In one quick blow The AP updates James Ellroy’s 1950’s noir as contemporary political sleaze.
National Enquirer hid damaging Trump stories in a safe
WASHINGTON (AP) — The National Enquirer kept a safe containing documents on hush money payments and other damaging stories it killed as part of its cozy relationship with Donald Trump…
Tabloid press, check. Hush money, check. The language of sex, violence, and absolute corruption, check, check, and check.
Cozy relations between yellow journalism and the powerful elite: check and mate.
Anyone familiar with L.A. Confidential will recognize here Ellroy’s smut digging Sid Hudgens, always Off the record, on the QT, and very hush hush.
And our noirish present exceeds this snapshot, the ghosts of L.A. Confidential haunting our national headlines. Trump’s reported hate-hate relations with the FBI; his distrust of intelligence and the spooks who gather it; rampant innuendo of ties to foreign agents; mimicking intonations of American mob bosses; an affinity for lawyers, lawyers, lawyers. All this leaps from the pulpy noir of Ellroy’s ‘50’s and 60’s L.A. quartet.
From the AP:
Trump’s former lawyer Michael Cohen pleaded guilty this week to campaign finance violations alleging he, Trump and the tabloid were involved in buying the silence of a porn actress and a Playboy model who alleged affairs with Trump.

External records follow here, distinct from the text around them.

lemma circ_indep_card_le:
  assumes "1 \<le> b" "2 * b \<le> a" "indep_set (circ_V a) (circ_adj a b) I"
  shows "card I \<le> b"
proof (cases "I = {}")
  case False
  then obtain x0 where x0: "x0 \<in> I" by blast
  have I: "I \<subseteq> {0..<a}" and indep: "\<And>u v. u \<in> I \<Longrightarrow> v \<in> I \<Longrightarrow> u \<noteq> v \<Longrightarrow> \<not> circ_adj a b u v"
    using assms(3) by (auto simp: indep_set_def circ_V_def)
  \<comment> \<open>Rotate \<open>x0\<close> to \<open>b - 1\<close>; then \<open>I\<close> lies below \<open>2b\<close> and reduction mod \<open>b\<close> is injective on it.\<close>
  define rot where "rot y = (y + (a + b - 1 - x0)) mod a" for y
  have rot_lt: "rot y < a" for y
    using assms unfolding rot_def by simp
  have rot_inj: "rot y = rot z \<longleftrightarrow> y = z" if "y \<in> I" "z \<in> I" for y z
    unfolding rot_def using I that by (intro add_mod_eq_add_mod_iff) auto
  have rot_not_adj: "\<not> circ_adj a b (rot y) (rot z)" if "y \<in> I" "z \<in> I" "y \<noteq> z" for y z
  proof -
    have "y < a" "z < a"
      using I that by auto
    then show ?thesis
      using circ_adj_rotate[of y a z b] indep that unfolding rot_def by simp
  qed
  have x0_shift: "x0 + (a + b - 1 - x0) = (b - 1) + a"
    using x0 I assms(1) by auto
  have rot_x0: "rot x0 = b - 1"
    unfolding rot_def x0_shift mod_add_self2 using assms by simp
  have arc: "rot y < 2 * b" if "y \<in> I" for y
  proof (rule ccontr)
    assume far: "\<not> rot y < 2 * b"
    moreover have "rot x0 < 2 * b"
      using rot_x0 assms(1) by simp
    ultimately have "y \<noteq> x0"
      by blast
    have "circ_adj a b ((b - 1) + (rot y - (b - 1))) (b - 1)"
      using far rot_lt[of y] assms by (intro circ_adj_add) auto
    then show False
      using rot_not_adj[OF that x0 \<open>y \<noteq> x0\<close>] far rot_x0 by simp
  qed
  have "inj_on (\<lambda>y. rot y mod b) I"
  proof (rule inj_onI, rule ccontr)
    fix y z assume yz: "y \<in> I" "z \<in> I" "rot y mod b = rot z mod b" "y \<noteq> z"
    then have "rot y \<noteq> rot z"
      using rot_inj by blast
    then consider "rot z = rot y + b" | "rot y = rot z + b"
      using mod_eq_below_double[OF arc arc] yz by (metis linorder_neqE_nat)
    then show False
    proof cases
      case 1
      then have "circ_adj a b (rot z) (rot y)"
        using rot_lt[of z] assms by (simp add: circ_adj_add)
      then show False
        using rot_not_adj yz by blast
    next
      case 2
      then have "circ_adj a b (rot y) (rot z)"
        using rot_lt[of y] assms by (simp add: circ_adj_add)
      then show False
        using rot_not_adj yz by blast
    qed
  qed
  then have "card I = card ((\<lambda>y. rot y mod b) ` I)"
    by (simp add: card_image)
  also have "\<dots> \<le> card {..<b}"
    using assms(1) by (intro card_mono) auto
  finally show ?thesis by simp
qed simp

Court papers in the Cohen case say Pecker ‘offered to help deal with negative stories about (Trump’s) relationships with women by, among other things, assisting the campaign in identifying such stories so they could be purchased and their publication avoided.’
The Journal reported Pecker shared with prosecutors details about payments that Cohen says Trump directed in the weeks and months before the election to buy the silence of McDougal and another woman alleging an affair, porn star Stormy Daniels. Daniels was paid $130,000, and McDougal was paid $150,000…
…In July, Cohen released an audio tape in which he and Trump discussed plans to buy McDougal’s story from the Enquirer. Such a purchase was necessary, they suggested, to prevent Trump from having to permanently rely on a tight relationship with the tabloid.
‘You never know where that company — you never know what he’s gonna be —’ Cohen says.
‘David gets hit by a truck,’ Trump says.
‘Correct,’ Cohen replies. ‘So, I’m all over that.’
This last raises hairs. Chills blood. Implicit violence voiced by the man who would be king. Dark turns in our bleak political landscape, an assassination plot, an egomaniacal deep state figure, America’s most turbulent days—both ahead and behind.
Ellroy’s puppet-master was J. Edgar Hoover, the ultimate influencer and keeper of all sins, a Trump-Pecker cocktail. His hoods are Sam Giancana and Mickey Cohen, a John Gotti slash Michael Cohen barmix. Ellroy gives us flawed yet honor-bound cops and hoods and spiffy lawmen, from Kemper Boyd to Pete Bondurant to Ward Littell, evoking figures from today’s headlines like Peter Strozk, Rod Rosenstein, and Michael Avenatti.
To say nothing of the obvious femmes fatale, parallel universe Playboy bunnies.
Question: is Ellroy’s mafia-slayer Bobby Kennedy up to snuff as Robert Mueller?
Stay tuned, dear reader, and find out. For me the pleasure will be reading it all in newsprint.
Because I like my crime pulpy.
*This essay represents apolitical speculation comparing current events with literary license. It doesn’t necessarily reflect the views or opinions of the author’s employer.